Every Roman emperor who debased the currency thought they were just making a small, temporary adjustment to deal with immediate fiscal pressures. They'd fix it later, they told themselves. When things got better. When the barbarians stopped attacking. When the economy recovered.
Modern CEOs think exactly the same way. They're not trying to destroy their brands or alienate customers. They're just making small adjustments to maintain profit margins during challenging times. They'll increase package sizes again when commodity prices come down. When supply chains stabilize. When market conditions improve.
Except they never do, because there's always another crisis, another pressure, another excuse for another small reduction.
The Only Defense Is Paying Attention
The Roman currency collapse eventually forced people to abandon money altogether in many regions and return to barter systems. Your shrinkflation problem probably won't get that dramatic, but the solution is the same: you have to actively track the changes instead of trusting your instincts.

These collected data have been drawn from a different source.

definition Missing :: "('v,'d,'f) cx2 \<Rightarrow> ('v,'d,'f) subcx \<Rightarrow> 'd set \<Rightarrow> ('f \<times> nat) set" where
  "Missing X Y x = {(R, i). (R, i) \<in> sides X x \<and> R \<notin> sF Y}"

definition per :: "('v,'d,'f) cx2 \<Rightarrow> ('v,'d,'f) subcx \<Rightarrow> ('v,'d,'f) aut set \<Rightarrow> nat" where
  "per X Y H = (\<Sum>ob\<in>orb1 X H ` edge X ` sD Y. card (Missing X Y (SOME x. x \<in> ob)))"

text \<open>Oriented positions on the boundary circle of R: (k, True) is the k-th 1-cell
of the circle (indices mod the length) traversed in the direction of bd R,
(k, False) the same 1-cell traversed backwards.\<close>
definition odart :: "('v,'d,'f) cx2 \<Rightarrow> 'f \<Rightarrow> int \<times> bool \<Rightarrow> 'd" where
  "odart X R p = (let d = bd X R ! nat (fst p mod int (length (bd X R)))
                  in if snd p then d else dinv X d)"

definition walk :: "nat \<Rightarrow> int \<times> bool \<Rightarrow> int \<times> bool" where
  "walk j p = (if snd p then fst p + int j else fst p - int j, snd p)"

definition lift :: "('v,'d,'f) cx2 \<Rightarrow> 'd list \<Rightarrow> 'f \<Rightarrow> int \<times> bool \<Rightarrow> bool" where
  "lift X P R p \<longleftrightarrow> (\<forall>j<length P. P ! j = odart X R (walk j p))"

text \<open>Cellular homeomorphisms of boundary circles: rotations (c + k) and
reflections (c - k, reversing orientation).\<close>
definition chom :: "int \<Rightarrow> bool \<Rightarrow> int \<times> bool \<Rightarrow> int \<times> bool" where
  "chom c e p = (if e then (c + fst p, snd p) else (c - fst p, \<not> snd p))"

definition compatible_hom :: "('v,'d,'f) cx2 \<Rightarrow> 'f \<Rightarrow> 'f \<Rightarrow> int \<Rightarrow> bool \<Rightarrow> bool" where
  "compatible_hom X R1 R2 c e \<longleftrightarrow> length (bd X R1) = length (bd X R2) \<and>
     (\<forall>p. odart X R2 (chom c e p) = odart X R1 p)"

definition same_opos :: "nat \<Rightarrow> int \<times> bool \<Rightarrow> int \<times> bool \<Rightarrow> bool" where
  "same_opos n p q \<longleftrightarrow> fst p mod int n = fst q mod int n \<and> snd p = snd q"

definition piece :: "('v,'d,'f) cx2 \<Rightarrow> 'd list \<Rightarrow> bool" where
  "piece X P \<longleftrightarrow> P \<noteq> [] \<and> is_path X P \<and>
     (\<exists>R1 R2 p1 p2. R1 \<in> faces X \<and> R2 \<in> faces X \<and> lift X P R1 p1 \<and> lift X P R2 p2 \<and>
        \<not> (\<exists>c e. compatible_hom X R1 R2 c e \<and>
                 same_opos (length (bd X R2)) (chom c e p1) p2))"

definition missing_3shell :: "('v,'d,'f) cx2 \<Rightarrow> ('v,'d,'f) subcx \<Rightarrow> 'f \<Rightarrow> bool" where
  "missing_3shell X Y R \<longleftrightarrow> R \<in> faces X \<and> R \<notin> sF Y \<and>
     (\<exists>k Q S Ps. rotate k (bd X R) = Q @ S \<and> set Q \<subseteq> sD Y \<and>
        (Q = [] \<longrightarrow> src X (hd S) \<in> sV Y) \<and>
        length Ps \<le> 3 \<and> (\<forall>P\<in>set Ps. piece X P) \<and> S = concat Ps)"

definition perimeter_reduction :: "('v,'d,'f) cx2 \<Rightarrow> bool" where
  "perimeter_reduction X \<longleftrightarrow>
     (\<forall>H Y. aut_subgroup X H \<and> rel_fin_gen X H \<and> is_subcx X Y \<and> connected_sub X Y \<and>
            cocompact X H Y \<and> (\<exists>R. missing_3shell X Y R) \<longrightarrow>
        (\<exists>Y'. is_subcx X Y' \<and> connected_sub X Y' \<and> cocompact X H Y' \<and>
              per X Y' H < per X Y H))"

end

theory Submission
  imports Defs
begin

text \<open>Let H be generated by a finite set S together with the stabilisers of finitely many
0-cells vs.  As X is connected, a finite connected graph D through some 0-cell v0 reaches vs
and the points s v0 for s in S.  The H-translates of D form an H-cocompact subcomplex, and it
is connected: the g in H for which g v0 lies in the component of v0 form a subgroup containing
S and the stabilisers of vs, hence all of H.  Among the connected H-cocompact subcomplexes,
one of least perimeter has no missing 3-shell by the Perimeter-reduction hypothesis.\<close>

definition dart_graph :: "('v,'d,'f) cx2 \<Rightarrow> 'd set \<Rightarrow> ('v \<times> 'v) set" where
  "dart_graph X D = {(src X d, tgt X d) | d. d \<in> D}"

lemma connected_sub_iff_dart_graph:
  "connected_sub X Y \<longleftrightarrow> sV Y \<noteq> {} \<and>
     (\<forall>u\<in>sV Y. \<forall>v\<in>sV Y. (u, v) \<in> (dart_graph X (sD Y))\<^sup>*)"
  unfolding connected_sub_def dart_graph_def by simp

lemma rtrancl_dart_graph_mono: "D \<subseteq> D' \<Longrightarrow> (dart_graph X D)\<^sup>* \<subseteq> (dart_graph X D')\<^sup>*"
  unfolding dart_graph_def by (rule rtrancl_mono) blast

lemma complex2_dinv:
  assumes "complex2 X" "d \<in> darts X"
  shows "dinv X d \<in> darts X" "dinv X (dinv X d) = d" "src X d \<in> verts X"
  using assms unfolding complex2_def by auto

lemma sym_rtrancl_dart_graph:
  assumes "complex2 X" "D \<subseteq> darts X" "\<forall>d\<in>D. dinv X d \<in> D"
  shows "sym ((dart_graph X D)\<^sup>*)"
proof (rule sym_rtrancl, rule symI)
  fix u v assume "(u, v) \<in> dart_graph X D"
  then obtain d where d: "d \<in> D" "u = src X d" "v = tgt X d" unfolding dart_graph_def by blast
  then have "(v, u) = (src X (dinv X d), tgt X (dinv X d))"
    using assms complex2_dinv(2) by (fastforce simp: tgt_def)
  then show "(v, u) \<in> dart_graph X D" unfolding dart_graph_def using d assms(3) by blast
qed

definition rooted_darts :: "('v,'d,'f) cx2 \<Rightarrow> 'v \<Rightarrow> 'd set \<Rightarrow> bool" where
  "rooted_darts X a D \<longleftrightarrow> finite D \<and> D \<subseteq> darts X \<and> (\<forall>d\<in>D. dinv X d \<in> D) \<and>
     (\<forall>d\<in>D. (a, src X d) \<in> (dart_graph X D)\<^sup>*)"

lemma rooted_darts_empty: "rooted_darts X a {}"
  unfolding rooted_darts_def by simp

lemma rooted_darts_Un:
  assumes "rooted_darts X a D" "rooted_darts X a D'"
  shows "rooted_darts X a (D \<union> D')"
proof -
  have "(dart_graph X D)\<^sup>* \<subseteq> (dart_graph X (D \<union> D'))\<^sup>*"
    and "(dart_graph X D')\<^sup>* \<subseteq> (dart_graph X (D \<union> D'))\<^sup>*"
    by (simp_all add: rtrancl_dart_graph_mono)
  with assms show ?thesis unfolding rooted_darts_def by blast
qed

lemma rooted_darts_insert_edge:
  assumes X: "complex2 X" and D: "rooted_darts X a D" and d: "d \<in> darts X"
    and reach: "(a, src X d) \<in> (dart_graph X D)\<^sup>*"
  shows "rooted_darts X a (D \<union> {d, dinv X d})"
    and "(a, tgt X d) \<in> (dart_graph X (D \<union> {d, dinv X d}))\<^sup>*"
proof -
  let ?D' = "D \<union> {d, dinv X d}"
  have to_src: "(a, src X d) \<in> (dart_graph X ?D')\<^sup>*"
    using reach rtrancl_dart_graph_mono[of D ?D' X] by blast
  have "(src X d, tgt X d) \<in> dart_graph X ?D'" unfolding dart_graph_def by blast
  with to_src show to_tgt: "(a, tgt X d) \<in> (dart_graph X ?D')\<^sup>*" by (rule rtrancl_into_rtrancl)
  have "(a, src X e) \<in> (dart_graph X ?D')\<^sup>*" if "e \<in> ?D'" for e
    using that D to_src to_tgt rtrancl_dart_graph_mono[of D ?D' X]
    unfolding rooted_darts_def tgt_def by auto
  then show "rooted_darts X a ?D'"
    using D d complex2_dinv[OF X d] unfolding rooted_darts_def by auto
qed

lemma rooted_darts_reaching:
  assumes X: "complex2 X" and "(a, b) \<in> (dart_graph X (darts X))\<^sup>*"
  shows "\<exists>D. rooted_darts X a D \<and> (a, b) \<in> (dart_graph X D)\<^sup>*"
  using assms(2)
proof (induction rule: rtrancl_induct)
  case base
  show ?case using rooted_darts_empty[of X a] by blast
next
  case (step b c)
  then obtain D where D: "rooted_darts X a D" "(a, b) \<in> (dart_graph X D)\<^sup>*" by blast
  from step(2) obtain d where "d \<in> darts X" "b = src X d" "c = tgt X d"
    unfolding dart_graph_def by blast
  with rooted_darts_insert_edge[OF X D(1)] D(2) show ?case by blast
qed

lemma rooted_darts_reaching_finite:
  assumes X: "complex2 X" and "finite T" and "\<forall>t\<in>T. (a, t) \<in> (dart_graph X (darts X))\<^sup>*"
  shows "\<exists>D. rooted_darts X a D \<and> (\<forall>t\<in>T. (a, t) \<in> (dart_graph X D)\<^sup>*)"
  using assms(2,3)
proof (induction rule: finite_induct)
  case empty
  show ?case using rooted_darts_empty[of X a] by blast
next
  case (insert t T)
  then obtain D where D: "rooted_darts X a D" "\<forall>u\<in>T. (a, u) \<in> (dart_graph X D)\<^sup>*" by auto
  obtain D' where D': "rooted_darts X a D'" "(a, t) \<in> (dart_graph X D')\<^sup>*"
    using rooted_darts_reaching[OF X] insert.prems by blast
  have "rooted_darts X a (D \<union> D')" using rooted_darts_Un[OF D(1) D'(1)] .
  moreover have "\<forall>u\<in>insert t T. (a, u) \<in> (dart_graph X (D \<union> D'))\<^sup>*"
    using D(2) D'(2) rtrancl_dart_graph_mono[of D "D \<union> D'" X]
      rtrancl_dart_graph_mono[of D' "D \<union> D'" X] by blast
  ultimately show ?case by blast
qed

lemma is_autD:
  assumes "is_aut X g" "d \<in> darts X"
  shows "src X (ad g d) = av g (src X d)" "ad g (dinv X d) = dinv X (ad g d)"
  using assms unfolding is_aut_def by blast+

lemma is_aut_in_cells:
  assumes "is_aut X g"
  shows "v \<in> verts X \<Longrightarrow> av g v \<in> verts X" "d \<in> darts X \<Longrightarrow> ad g d \<in> darts X"
  using assms unfolding is_aut_def bij_betw_def by blast+

lemma tgt_aut:
  "is_aut X g \<Longrightarrow> complex2 X \<Longrightarrow> d \<in> darts X \<Longrightarrow> tgt X (ad g d) = av g (tgt X d)"
  using is_autD complex2_dinv(1) unfolding tgt_def by metis
(* Let $0\le m<M$ and let $n>2$ be an integer. For integers $0\le r\le s<n$ define $$E^{BW,U}_n(r,s)=\sum_{k=r+1}^{s}\frac{M\,r}{(k-1)\,n}+\sum_{k=s+1}^{n}(M+m)\frac{r(s-1)}{(k-1)(k-2)\,n},$$ where any term of the form $0/0$ is interpreted as $0$. Let $(\mathcal{M}_1(n),\mathcal{M}_2(n))$ be a point at which $E^{BW,U}_n$ attains its maximum. Then (i) $\lim_{n\to\infty}\mathcal{M}_1(n)/n=\dfrac{e^{-1+\frac{m}{M}}M}{m+M}$; (ii) $\lim_{n\to\infty}\mathcal{M}_2(n)/n=\dfrac{M}{m+M}$; (iii) $\lim_{n\to\infty}E^{BW,U}_n(\mathcal{M}_1(n),\mathcal{M}_2(n))=\dfrac{e^{-1+\frac{m}{M}}M^2}{m+M}$.
   Context: $E^{BW,U}_n(r,s)$ is the expected payoff, in the Best-or-Worst secretary problem with $n$ candidates where choosing the overall best pays $M$ and the overall worst pays $m$, of the strategy that rejects the first $r$ candidates, then accepts the first candidate better than all preceding ones up to the $s$-th interview, and afterwards accepts the first candidate better or worse than all preceding ones. *)

theory Defs
  imports Complex_Main
begin

text \<open>Expected payoff E^{BW,U}_n(r,s) with payoffs M (best) and m (worst).
  Division by zero yields 0 in Isabelle, matching the convention 0/0 = 0
  (numerators vanish whenever denominators do).\<close>
definition E_BWU :: "real \<Rightarrow> real \<Rightarrow> nat \<Rightarrow> nat \<Rightarrow> nat \<Rightarrow> real" where
  "E_BWU m M n r s =
     (\<Sum>k\<in>{r+1..s}. M * real r / ((real k - 1) * real n))
   + (\<Sum>k\<in>{s+1..n}. (M + m) * (real r * (real s - 1)) /
                      ((real k - 1) * (real k - 2) * real n))"

definition is_max_point :: "real \<Rightarrow> real \<Rightarrow> nat \<Rightarrow> nat \<Rightarrow> nat \<Rightarrow> bool" where
  "is_max_point m M n r s \<longleftrightarrow> r \<le> s \<and> s < n \<and>
     (\<forall>r' s'. r' \<le> s' \<and> s' < n \<longrightarrow> E_BWU m M n r' s' \<le> E_BWU m M n r s)"

end

theory Submission
  imports Defs
begin

text \<open>With \<open>x = r/n\<close> and \<open>y = s/n\<close>, the payoff \<open>E_n(r,s)\<close> is within \<open>O(1/n)\<close> of the
  continuum payoff \<open>F(x,y) = x (M ln(y/x) + (M+m)(1-y))\<close> (\<open>E_BWU_asymp\<close>): the first sum is a harmonic sum
  squeezed between logarithms, the second one telescopes. The function \<open>F\<close> is maximal at
  \<open>(x\<^sub>0,y\<^sub>0) = (e^(-1+m/M) M/(m+M), M/(m+M))\<close>, and its deficit \<open>M x\<^sub>0 - F(x,y)\<close> splits into
  two terms of the form \<open>b \<phi>(a/b)\<close> with \<open>\<phi>(t) = t - 1 - ln t \<ge> (\<surd>t - 1)\<^sup>2\<close>, so it controls
  \<open>(\<surd>x - \<surd>x\<^sub>0)\<^sup>2\<close> and \<open>x (\<surd>y - \<surd>y\<^sub>0)\<^sup>2\<close>. Lattice points near \<open>(n x\<^sub>0, n y\<^sub>0)\<close> show that the
  maximal payoff tends to \<open>F(x\<^sub>0,y\<^sub>0) = M x\<^sub>0\<close>; hence the scaled maximisers have vanishing
  deficit and converge to \<open>(x\<^sub>0,y\<^sub>0)\<close>.\<close>

lemma ln_diff_bounds:
  fixes x :: real
  assumes "1 < x"
  shows "1 / x \<le> ln x - ln (x - 1)" and "ln x - ln (x - 1) \<le> 1 / (x - 1)"
proof -
  have "ln ((x - 1) / x) \<le> (x - 1) / x - 1" using assms by (intro ln_le_minus_one) simp
  then show "1 / x \<le> ln x - ln (x - 1)" using assms by (simp add: ln_div field_simps)
  have "ln (x / (x - 1)) \<le> x / (x - 1) - 1" using assms by (intro ln_le_minus_one) simp
  then show "ln x - ln (x - 1) \<le> 1 / (x - 1)" using assms by (simp add: ln_div field_simps)
qed

lemma sum_inverse_pred_bounds:
  assumes "1 \<le> r" "r \<le> s"
  shows "ln (real s) - ln (real r) \<le> (\<Sum>k\<in>{r+1..s}. 1 / (real k - 1))"
    and "(\<Sum>k\<in>{r+1..s}. 1 / (real k - 1)) \<le> ln (real s) - ln (real r) + (1 / real r - 1 / real s)"
proof -
  have telescope: "(\<Sum>k\<in>{r+1..s}. f (real k) - f (real k - 1)) = f (real s) - f (real r)"
    for f :: "real \<Rightarrow> real"
    using sum_telescope''[OF assms(2), of "\<lambda>k. f (real k)"] assms by (simp add: of_nat_diff)
  have gt1: "1 < real k" if "k \<in> {r+1..s}" for k using that assms by auto
  show "ln (real s) - ln (real r) \<le> (\<Sum>k\<in>{r+1..s}. 1 / (real k - 1))"
    unfolding telescope[of ln, symmetric] by (intro sum_mono ln_diff_bounds(2) gt1)
  have "(\<Sum>k\<in>{r+1..s}. 1 / (real k - 1))
      \<le> (\<Sum>k\<in>{r+1..s}. (ln (real k) - ln (real k - 1)) + ((- 1 / real k) - (- 1 / (real k - 1))))"
  proof (rule sum_mono)
    fix k assume "k \<in> {r+1..s}"
    with ln_diff_bounds(1)[OF gt1] show "1 / (real k - 1)
        \<le> (ln (real k) - ln (real k - 1)) + ((- 1 / real k) - (- 1 / (real k - 1)))"
      by force
  qed
  also have "\<dots> = ln (real s) - ln (real r) + (1 / real r - 1 / real s)"
    unfolding sum.distrib telescope[of ln] telescope[of "\<lambda>t. - 1 / t"] by simp
  finally show "(\<Sum>k\<in>{r+1..s}. 1 / (real k - 1))
      \<le> ln (real s) - ln (real r) + (1 / real r - 1 / real s)" .
qed

lemma sum_inverse_pred_pred_telescope:
  assumes "2 \<le> s" "s \<le> n"
  shows "(\<Sum>k\<in>{s+1..n}. 1 / ((real k - 1) * (real k - 2))) = 1 / (real s - 1) - 1 / (real n - 1)"
proof -
  have "(\<Sum>k\<in>{s+1..n}. 1 / ((real k - 1) * (real k - 2)))
      = (\<Sum>k\<in>{Suc s..n}. (- 1 / (real k - 1)) - (- 1 / (real (k - 1) - 1)))"
    using assms by (intro sum.cong) (auto simp: of_nat_diff field_simps)
  also have "\<dots> = 1 / (real s - 1) - 1 / (real n - 1)"
    using sum_telescope''[OF assms(2), of "\<lambda>k. - 1 / (real k - 1)"] by simp
  finally show ?thesis .
qed

lemma sqrt_sub_sqrt_sq_le:
  fixes a b :: real
  assumes "0 < a" "0 < b"
  shows "(sqrt a - sqrt b)\<^sup>2 \<le> a - b - b * ln (a / b)"
proof -
  have "ln (a / b) = 2 * ln (sqrt a / sqrt b)"
    using assms by (simp add: ln_sqrt flip: real_sqrt_divide)
  also have "\<dots> \<le> 2 * (sqrt a / sqrt b - 1)"
    using ln_le_minus_one[of "sqrt a / sqrt b"] assms by simp
  finally have "b * ln (a / b) \<le> b * (2 * (sqrt a / sqrt b - 1))"
    using assms by (intro mult_left_mono) auto
  also have "\<dots> = 2 * sqrt a * (b / sqrt b) - 2 * b"
    by (simp add: algebra_simps)
  also have "\<dots> = 2 * sqrt a * sqrt b - 2 * b"
    using assms by (simp add: real_div_sqrt)
  finally show ?thesis
    using assms by (simp add: power2_diff real_sqrt_mult)
qed

lemma tendsto_of_sqrt_sub_sqrt_sq:
  fixes u :: "'a \<Rightarrow> real"
  assumes "\<forall>\<^sub>F i in F. 0 \<le> u i" "0 \<le> c" "((\<lambda>i. (sqrt (u i) - sqrt c)\<^sup>2) \<longlongrightarrow> 0) F"
  shows "(u \<longlongrightarrow> c) F"
proof -
  have "((\<lambda>i. sqrt ((sqrt (u i) - sqrt c)\<^sup>2)) \<longlongrightarrow> sqrt 0) F"
    by (intro tendsto_real_sqrt assms)
  then have "((\<lambda>i. sqrt (u i) - sqrt c) \<longlongrightarrow> 0) F"
    by (simp add: tendsto_rabs_zero_iff)
  then have "((\<lambda>i. sqrt (u i)) \<longlongrightarrow> sqrt c) F"
    by (rule LIM_zero_cancel)
  then have "((\<lambda>i. (sqrt (u i))\<^sup>2) \<longlongrightarrow> c) F"
    using tendsto_power[of _ "sqrt c" F 2] assms(2) by simp
  moreover have "\<forall>\<^sub>F i in F. (sqrt (u i))\<^sup>2 = u i"
    using assms(1) by (auto elim: eventually_mono)
  ultimately show ?thesis by (rule Lim_transform_eventually)
qed

lemma tendsto_div_of_nat_of_bounded_dist:
  fixes a :: "nat \<Rightarrow> real"
  assumes "\<And>n. \<bar>a n - c * real n\<bar> \<le> K"
  shows "(\<lambda>n. a n / real n) \<longlonglongrightarrow> c"
proof (rule LIM_zero_cancel, rule tendsto_0_le[OF lim_inverse_n', of _ K])
  show "\<forall>\<^sub>F n in sequentially. norm (a n / real n - c) \<le> norm (1 / real n) * K"
    using eventually_gt_at_top[of 0]
  proof eventually_elim
    case (elim n)
    then have "a n / real n - c = (a n - c * real n) / real n" by (simp add: field_simps)
    then show ?case using assms[of n] elim by (simp add: divide_right_mono)
  qed
qed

Romans who kept detailed records of their coin weights could see the debasement happening. Modern consumers who track price per unit instead of package prices can see shrinkflation in real time.
But most people won't do this, which is exactly what the people in charge are counting on. They know that human psychology hasn't changed in 2,000 years. They know you'll accept gradual theft because your brain is wired to miss it.
The only thing that's changed is the sophistication of the theft. Roman emperors had to physically remove silver from coins. Modern companies just hire better packaging designers.